You are probably interested in what kind of basic research high-frequency traders conduct in order to find out new information and make it public.
It is possible, within the framework of a thought experiment [and the answer to the question - approx. Transl.], To think that what would happen if high-frequency traders were blocked from access to economic news for three seconds - would their three-second advantage be preserved over “non-high-speed” market players? And if it were not three seconds, but five minutes?
*** The authors monitored the behavior of high-frequency traders during the top 10% of the most volatile days, compared it with the remaining 90% of the most volatile days and found that high-frequency traders maintain approximately the same level of liquidity of securities. A likely model for creating a strategy for high-frequency traders can be expressed with the words “volatility is profitable, but blind panic is not”, which means that you actively provide liquidity supply within 90–99.5% of the day, and significantly reduce activity in the remaining 0.5% of days . Such a model can lead to sudden drops in the market with a frequency of about once a year (and not once every two weeks) - this, in essence, happens, but the Central Bank’s document examines the behavior of high-frequency traders within the top 10% of moderately volatile days.
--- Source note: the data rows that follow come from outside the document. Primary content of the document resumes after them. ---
locale finite_markov_chain =
  fixes S :: "'s set" and T :: "'s \<Rightarrow> 's \<Rightarrow> real" and \<mu> :: "'s \<Rightarrow> real"
  assumes finite_states: "finite S"
    and trans_nonneg: "\<And>W U. W \<in> S \<Longrightarrow> U \<in> S \<Longrightarrow> 0 \<le> T W U"
    and trans_sum_eq_1: "\<And>W. W \<in> S \<Longrightarrow> (\<Sum>U\<in>S. T W U) = 1"
    and init_nonneg: "\<And>U. U \<in> S \<Longrightarrow> 0 \<le> \<mu> U"
    and init_sum_eq_1: "(\<Sum>U\<in>S. \<mu> U) = 1"
begin

definition stationary_dist :: "('s \<Rightarrow> real) \<Rightarrow> bool" where
  "stationary_dist P \<longleftrightarrow> (\<forall>U\<in>S. 0 \<le> P U) \<and> (\<Sum>U\<in>S. P U) = 1
     \<and> (\<forall>U\<in>S. (\<Sum>W\<in>S. T W U * P W) = P U)"

lemma trans_preserves_mass:
  "(\<Sum>U\<in>S. \<Sum>W\<in>S. m W * T W U) = (\<Sum>W\<in>S. m W)"
  by (subst sum.swap) (simp add: sum_distrib_left[symmetric] trans_sum_eq_1)

lemma surviving_nonneg: "U \<in> S \<Longrightarrow> 0 \<le> surviving S T \<mu> Q t U"
  by (induction t arbitrary: U) (auto simp: init_nonneg intro!: sum_nonneg mult_nonneg_nonneg trans_nonneg)

lemma surviving_mass_Suc_le:
  "(\<Sum>U\<in>S. surviving S T \<mu> Q (Suc t) U) \<le> (\<Sum>U\<in>S. surviving S T \<mu> Q t U)"
proof -
  have "(\<Sum>U\<in>S. surviving S T \<mu> Q (Suc t) U) \<le> (\<Sum>U\<in>S. \<Sum>W\<in>S. surviving S T \<mu> Q t W * T W U)"
    by (intro sum_mono) (auto intro!: sum_nonneg mult_nonneg_nonneg surviving_nonneg trans_nonneg)
  also have "\<dots> = (\<Sum>W\<in>S. surviving S T \<mu> Q t W)"
    by (rule trans_preserves_mass)
  finally show ?thesis .
qed
lemma has_C2_derivatives_compose:
  assumes g: "has_C2_derivatives g g' g''"
    and P: "\<And>s. DERIV P s :> P' s" "\<And>s. DERIV P' s :> P'' s" "continuous_on UNIV P''"
  shows "has_C2_derivatives (\<lambda>x. P (g x)) (\<lambda>x h. P' (g x) * g' x h)
           (\<lambda>x h k. P'' (g x) * g' x k * g' x h + P' (g x) * g'' x h k)"
proof -
  have g1: "\<And>x. (g has_derivative g' x) (at x)" and g2: "\<And>x h. ((\<lambda>y. g' y h) has_derivative g'' x h) (at x)"
    and g3: "\<And>h k. continuous_on UNIV (\<lambda>x. g'' x h k)"
    using g unfolding has_C2_derivatives_def by auto
  have "((\<lambda>x. P (g x)) has_derivative (\<lambda>h. P' (g x) * g' x h)) (at x)" for x
    by (rule has_derivative_eq_rhs[OF DERIV_compose_FDERIV[OF P(1) g1]]) (simp add: fun_eq_iff)
  moreover have "((\<lambda>y. P' (g y) * g' y h) has_derivative
      (\<lambda>k. P'' (g x) * g' x k * g' x h + P' (g x) * g'' x h k)) (at x)" for x h
    by (rule has_derivative_eq_rhs[OF has_derivative_mult[OF DERIV_compose_FDERIV[OF P(2) g1] g2]])
       (simp add: fun_eq_iff algebra_simps)
  moreover have "continuous_on UNIV (\<lambda>x. P'' (g x) * g' x k * g' x h + P' (g x) * g'' x h k)" for h k
    using continuous_on_compose2[OF continuous_on_UNIV_if_DERIV[OF P(2)]]
      continuous_on_compose2[OF P(3)] has_C2_derivatives_continuous_on[OF g] g3
    by (intro continuous_intros) auto
  ultimately show ?thesis unfolding has_C2_derivatives_def by blast
qed

lemma has_C2_derivatives_mult:
  assumes f: "has_C2_derivatives f f' f''" and g: "has_C2_derivatives g g' g''"
  shows "has_C2_derivatives (\<lambda>x. f x * g x) (\<lambda>x h. f x * g' x h + f' x h * g x)
     (\<lambda>x h k. f' x k * g' x h + f x * g'' x h k + f'' x h k * g x + f' x h * g' x k)"
proof -
  have f1: "\<And>x. (f has_derivative f' x) (at x)" and f2: "\<And>x h. ((\<lambda>y. f' y h) has_derivative f'' x h) (at x)"
    and f3: "\<And>h k. continuous_on UNIV (\<lambda>x. f'' x h k)"
    using f unfolding has_C2_derivatives_def by auto
  have g1: "\<And>x. (g has_derivative g' x) (at x)" and g2: "\<And>x h. ((\<lambda>y. g' y h) has_derivative g'' x h) (at x)"
    and g3: "\<And>h k. continuous_on UNIV (\<lambda>x. g'' x h k)"
    using g unfolding has_C2_derivatives_def by auto
  have "((\<lambda>y. f y * g' y h + f' y h * g y) has_derivative
      (\<lambda>k. f' x k * g' x h + f x * g'' x h k + f'' x h k * g x + f' x h * g' x k)) (at x)" for x h
    by (rule has_derivative_eq_rhs[OF has_derivative_add[OF has_derivative_mult[OF f1 g2]
          has_derivative_mult[OF f2 g1]]])
       (simp add: fun_eq_iff algebra_simps)
  moreover have "continuous_on UNIV
      (\<lambda>x. f' x k * g' x h + f x * g'' x h k + f'' x h k * g x + f' x h * g' x k)" for h k
    using has_C2_derivatives_continuous_on[OF f] has_C2_derivatives_continuous_on[OF g] f3 g3
    by (intro continuous_intros) auto
  ultimately show ?thesis
    unfolding has_C2_derivatives_def using has_derivative_mult[OF f1 g1] by blast
qed

lemma Ham_eq_projections:
  "Ham \<alpha> V x = (fst x ^ 2 + fst (snd (snd x)) ^ 2) / 2 + V (fst (snd x)) + V (snd (snd (snd x)))
     + \<alpha> / 2 * (fst (snd x) - snd (snd (snd x))) ^ 2"
  by (cases x) (simp add: Ham_def)

definition Ham_deriv :: "real \<Rightarrow> (real \<Rightarrow> real) \<Rightarrow> state \<Rightarrow> state \<Rightarrow> real" where
  "Ham_deriv \<alpha> V' x h = fst x * fst h + V' (fst (snd x)) * fst (snd h)
     + fst (snd (snd x)) * fst (snd (snd h)) + V' (snd (snd (snd x))) * snd (snd (snd h))
     + \<alpha> * (fst (snd x) - snd (snd (snd x))) * (fst (snd h) - snd (snd (snd h)))"

definition Ham_deriv2 :: "real \<Rightarrow> (real \<Rightarrow> real) \<Rightarrow> state \<Rightarrow> state \<Rightarrow> state \<Rightarrow> real" where
  "Ham_deriv2 \<alpha> V'' x h k = fst k * fst h + V'' (fst (snd x)) * fst (snd k) * fst (snd h)
     + fst (snd (snd k)) * fst (snd (snd h)) + V'' (snd (snd (snd x))) * snd (snd (snd k)) * snd (snd (snd h))
     + \<alpha> * (fst (snd k) - snd (snd (snd k))) * (fst (snd h) - snd (snd (snd h)))"

lemma has_derivative_potential_terms:
  fixes V V' :: "real \<Rightarrow> real"
  assumes V: "\<And>s. DERIV V s :> V' s"
  shows "((\<lambda>x::state. V (fst (snd x))) has_derivative (\<lambda>h. V' (fst (snd x)) * fst (snd h))) (at x)"
    and "((\<lambda>x::state. V (snd (snd (snd x)))) has_derivative (\<lambda>h. V' (snd (snd (snd x))) * snd (snd (snd h)))) (at x)"
  by (rule has_derivative_eq_rhs[OF DERIV_compose_FDERIV[OF V]], (rule derivative_intros)+,
      simp add: fun_eq_iff mult.commute)+

lemma has_C2_derivatives_Ham:
  assumes V: "\<And>s. DERIV V s :> V' s" "\<And>s. DERIV V' s :> V'' s" "continuous_on UNIV V''"
  shows "has_C2_derivatives (Ham \<alpha> V) (Ham_deriv \<alpha> V') (Ham_deriv2 \<alpha> V'')"
proof -
  have "(Ham \<alpha> V has_derivative Ham_deriv \<alpha> V' x) (at x)" for x
    unfolding Ham_eq_projections[abs_def]
    by (auto intro!: derivative_eq_intros has_derivative_potential_terms[OF V(1)]
        simp: fun_eq_iff Ham_deriv_def algebra_simps power2_eq_square)
  moreover have "((\<lambda>y. Ham_deriv \<alpha> V' y h) has_derivative Ham_deriv2 \<alpha> V'' x h) (at x)" for x h
    unfolding Ham_deriv_def
    by (auto intro!: derivative_eq_intros has_derivative_potential_terms[OF V(2)]
        simp: fun_eq_iff Ham_deriv2_def algebra_simps)
  moreover have "continuous_on UNIV (\<lambda>x. Ham_deriv2 \<alpha> V'' x h k)" for h k
    unfolding Ham_deriv2_def by (intro continuous_intros continuous_on_compose2[OF V(3)]; auto)
  ultimately show ?thesis unfolding has_C2_derivatives_def by blast
qed

definition qsq :: "state \<Rightarrow> real" where
  "qsq x = fst (snd x) ^ 2 + snd (snd (snd x)) ^ 2"

lemma has_C2_derivatives_qsq:
  "has_C2_derivatives qsq (\<lambda>x h. 2 * fst (snd x) * fst (snd h) + 2 * snd (snd (snd x)) * snd (snd (snd h)))
     (\<lambda>x h k. 2 * fst (snd k) * fst (snd h) + 2 * snd (snd (snd k)) * snd (snd (snd h)))"
  unfolding has_C2_derivatives_def qsq_def
  by (auto intro!: derivative_eq_intros simp: fun_eq_iff)

text \<open>\<open>L H\<close>, the carre du champ \<open>\<Gamma>(H)\<close>, and \<open>L |q|\<^sup>2 / 2\<close>; the generator of \<open>P(H) Q(|q|\<^sup>2)\<close> is
  expressed through these three functions because the mixed second-order terms vanish.\<close>

definition Ham_drift :: "real \<Rightarrow> real \<Rightarrow> real \<Rightarrow> state \<Rightarrow> real" where
  "Ham_drift \<gamma> T Tinf x = \<gamma> * (T + Tinf - fst x ^ 2)"

definition Ham_carre :: "real \<Rightarrow> real \<Rightarrow> real \<Rightarrow> state \<Rightarrow> real" where
  "Ham_carre \<gamma> T Tinf x = \<gamma> * (T * fst x ^ 2 + Tinf * fst (snd (snd x)) ^ 2)"

definition momentum_dot_position :: "state \<Rightarrow> real" where
  "momentum_dot_position x = fst x * fst (snd x) + fst (snd (snd x)) * snd (snd (snd x))"

lemma gen_product:
  fixes \<alpha> \<gamma> T Tinf :: real
  assumes V: "\<And>s. DERIV V s :> V' s" "\<And>s. DERIV V' s :> V'' s" "continuous_on UNIV V''"
    and P: "\<And>s. DERIV P s :> P' s" "\<And>s. DERIV P' s :> P'' s" "continuous_on UNIV P''"
    and Q: "\<And>s. DERIV Q s :> Q' s" "\<And>s. DERIV Q' s :> Q'' s" "continuous_on UNIV Q''"
    and V'_eq: "V' = deriv V"
  defines "f \<equiv> \<lambda>x. P (Ham \<alpha> V x) * Q (qsq x)"
  shows "C2_R4 f"
    and "gen \<alpha> \<gamma> T Tinf V f x =
       Q (qsq x) * (P' (Ham \<alpha> V x) * Ham_drift \<gamma> T Tinf x + P'' (Ham \<alpha> V x) * Ham_carre \<gamma> T Tinf x)
       + 2 * P (Ham \<alpha> V x) * Q' (qsq x) * momentum_dot_position x"
proof -
  note F = has_C2_derivatives_mult[OF has_C2_derivatives_compose[OF has_C2_derivatives_Ham[OF V, of \<alpha>] P]
      has_C2_derivatives_compose[OF has_C2_derivatives_qsq Q], folded f_def]
  show "C2_R4 f" by (rule has_C2_derivatives_imp_C2_R4[OF F])
  show "gen \<alpha> \<gamma> T Tinf V f x =
       Q (qsq x) * (P' (Ham \<alpha> V x) * Ham_drift \<gamma> T Tinf x + P'' (Ham \<alpha> V x) * Ham_carre \<gamma> T Tinf x)
       + 2 * P (Ham \<alpha> V x) * Q' (qsq x) * momentum_dot_position x"
    unfolding gen_def has_C2_derivatives_pd[OF F] has_C2_derivatives_pd_pd[OF F] V'_eq[symmetric]
    by (cases x) (simp add: e_p0_def e_q0_def e_p1_def e_q1_def qsq_def Ham_deriv_def Ham_deriv2_def
        Ham_drift_def Ham_carre_def momentum_dot_position_def algebra_simps power2_eq_square)
qed

subsection \<open>Lower bounds for the potential and the Hamiltonian\<close>

lemma C2_real_DERIV:
  assumes "C2_real V"
  shows "\<And>s. DERIV V s :> deriv V s" and "\<And>s. DERIV (deriv V) s :> deriv (deriv V) s"
    and "continuous_on UNIV (deriv (deriv V))"
  using assms unfolding C2_real_def by (simp_all add: DERIV_deriv_iff_real_differentiable)

lemma continuous_on_Ham: "C2_real V \<Longrightarrow> continuous_on UNIV (Ham \<alpha> V)"
  by (rule has_C2_derivatives_continuous_on(1)[OF has_C2_derivatives_Ham[OF C2_real_DERIV]])

lemma admissible_V1_ge_leading_term:
  assumes "admissible_V1 k V1"
  obtains c B where "\<And>x. 1 < \<bar>x\<bar> \<Longrightarrow>
    (if k = 0 then c else \<bar>x\<bar> powr (2*k) / (2*k)) - \<bar>B\<bar> * \<bar>x\<bar> powr (2*k - 1) \<le> V1 x"
proof -
  obtain c B where "\<forall>x. 1 < \<bar>x\<bar> \<longrightarrow> (\<forall>m::nat. m \<le> 2 \<longrightarrow>
      \<bar>(deriv ^^ m) (\<lambda>x. V1 x - (if k = 0 then c else \<bar>x\<bar> powr (2*k) / (2*k))) x\<bar>
        \<le> B * \<bar>x\<bar> powr (2*k - 1 - real m))"
    using assms unfolding admissible_V1_def Let_def by blast
  from this[rule_format, of _ 0]
  have "(if k = 0 then c else \<bar>x\<bar> powr (2*k) / (2*k)) - \<bar>B\<bar> * \<bar>x\<bar> powr (2*k - 1) \<le> V1 x"
    if "1 < \<bar>x\<bar>" for x
    using that mult_right_mono[of B "\<bar>B\<bar>" "\<bar>x\<bar> powr (2*k - 1)"] by (force simp: abs_le_iff)
  then show thesis by (rule that)
qed

lemma admissible_V1_bounded_below_at_infinity:
  assumes "admissible_V1 k V1"
  shows "\<exists>K M. \<forall>x. K < \<bar>x\<bar> \<longrightarrow> - M \<le> V1 x"
proof -
  obtain c B where low: "\<And>x. 1 < \<bar>x\<bar> \<Longrightarrow>
      (if k = 0 then c else \<bar>x\<bar> powr (2*k) / (2*k)) - \<bar>B\<bar> * \<bar>x\<bar> powr (2*k - 1) \<le> V1 x"
    using admissible_V1_ge_leading_term[OF assms] by blast
  show ?thesis
  proof (cases "k \<le> 0")
    case True
    have "- (\<bar>c\<bar> + \<bar>1 / (2*k)\<bar> + \<bar>B\<bar>) \<le> V1 x" if x: "1 < \<bar>x\<bar>" for x
    proof -
      have p1: "\<bar>x\<bar> powr (2*k - 1) \<le> 1" and p2: "\<bar>x\<bar> powr (2*k) \<le> 1"
        using True x powr_mono[of "2*k - 1" 0 "\<bar>x\<bar>"] powr_mono[of "2*k" 0 "\<bar>x\<bar>"] by (auto split: if_splits)
      have B: "\<bar>B\<bar> * \<bar>x\<bar> powr (2*k - 1) \<le> \<bar>B\<bar>"
        using p1 by (simp add: mult_left_le)
      have "- \<bar>c\<bar> - \<bar>1 / (2*k)\<bar> \<le> (if k = 0 then c else \<bar>x\<bar> powr (2*k) / (2*k))"
      proof (cases "k = 0")
        case False
        then have "1 / (2*k) \<le> \<bar>x\<bar> powr (2*k) / (2*k)"
          using True p2 by (intro divide_right_mono_neg) auto
        then show ?thesis
          unfolding if_not_P[OF False] using abs_ge_minus_self[of "1 / (2*k)"] by linarith
      qed simp
      then show ?thesis using low[OF x] B by linarith
    qed
    then show ?thesis by blast
  next
    case False
    have "0 \<le> V1 x" if x: "max 1 (2*k*\<bar>B\<bar>) < \<bar>x\<bar>" for x
    proof -
      have "\<bar>x\<bar> powr (2*k) = \<bar>x\<bar> * \<bar>x\<bar> powr (2*k - 1)"
        using x powr_add[of "\<bar>x\<bar>" 1 "2*k - 1"] by simp
      then have "\<bar>x\<bar> powr (2*k) / (2*k) - \<bar>B\<bar> * \<bar>x\<bar> powr (2*k - 1)
          = \<bar>x\<bar> powr (2*k - 1) * (\<bar>x\<bar> / (2*k) - \<bar>B\<bar>)"
        by (simp add: algebra_simps)
      moreover have "\<bar>B\<bar> \<le> \<bar>x\<bar> / (2*k)" using x False by (simp add: le_divide_eq mult.commute)
      then have "0 \<le> \<bar>x\<bar> powr (2*k - 1) * (\<bar>x\<bar> / (2*k) - \<bar>B\<bar>)" by (intro mult_nonneg_nonneg) auto
      moreover have "\<bar>x\<bar> powr (2*k) / (2*k) - \<bar>B\<bar> * \<bar>x\<bar> powr (2*k - 1) \<le> V1 x"
        using low[of x] x False by simp
      ultimately show ?thesis by linarith
    qed
    then show ?thesis by (intro exI[of _ "max 1 (2*k*\<bar>B\<bar>)"] exI[of _ 0]) auto
  qed
qed

lemma admissible_V1_bounded_below:
  assumes "admissible_V1 k V1"
  obtains M where "0 \<le> M" "\<And>x. - M \<le> V1 x"
proof -
  obtain K M where far: "\<And>x. K < \<bar>x\<bar> \<Longrightarrow> - M \<le> V1 x"
    using admissible_V1_bounded_below_at_infinity[OF assms] by blast
  have "C2_real V1" using assms unfolding admissible_V1_def by blast
  then have "continuous_on UNIV V1" by (rule continuous_on_UNIV_if_DERIV[OF C2_real_DERIV(1)])
  then have "continuous_on {-\<bar>K\<bar>..\<bar>K\<bar>} V1" by (rule continuous_on_subset) simp
  moreover have "{-\<bar>K\<bar>..\<bar>K\<bar>} \<noteq> {}" by simp
  ultimately obtain z where z: "\<And>y. y \<in> {-\<bar>K\<bar>..\<bar>K\<bar>} \<Longrightarrow> V1 z \<le> V1 y"
    using continuous_attains_inf[OF compact_Icc] by blast
  have "- (\<bar>M\<bar> + \<bar>V1 z\<bar>) \<le> V1 x" for x
  proof (cases "K < \<bar>x\<bar>")
    case True
    then show ?thesis using far[of x] by linarith
  next
    case False
    then have "x \<in> {-\<bar>K\<bar>..\<bar>K\<bar>}" by auto
    then show ?thesis using z[of x] by linarith
  qed
  then show ?thesis by (intro that[of "\<bar>M\<bar> + \<bar>V1 z\<bar>"]) auto
qed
**** And what happens before the news becomes known? The authors use timestamps from Bloomberg to determine the “zero” second (the moment when the news becomes known to everyone) - it can be argued that the true moment of the news release is the 1st second, and then it takes some time for the news to reach Bloomberg, however, the start of trading 2 seconds before the publication of the news would have looked frankly strange.
***** For this thought, I owe a talk to Terrence Hendershott, one of the authors of the document. By the way, if we assume that high-frequency traders react only to market prices and commands, and not to fundamental news, then the statement of Grossman-Stieglitz in the footnote ** departs to an absolutely metaphysical plan.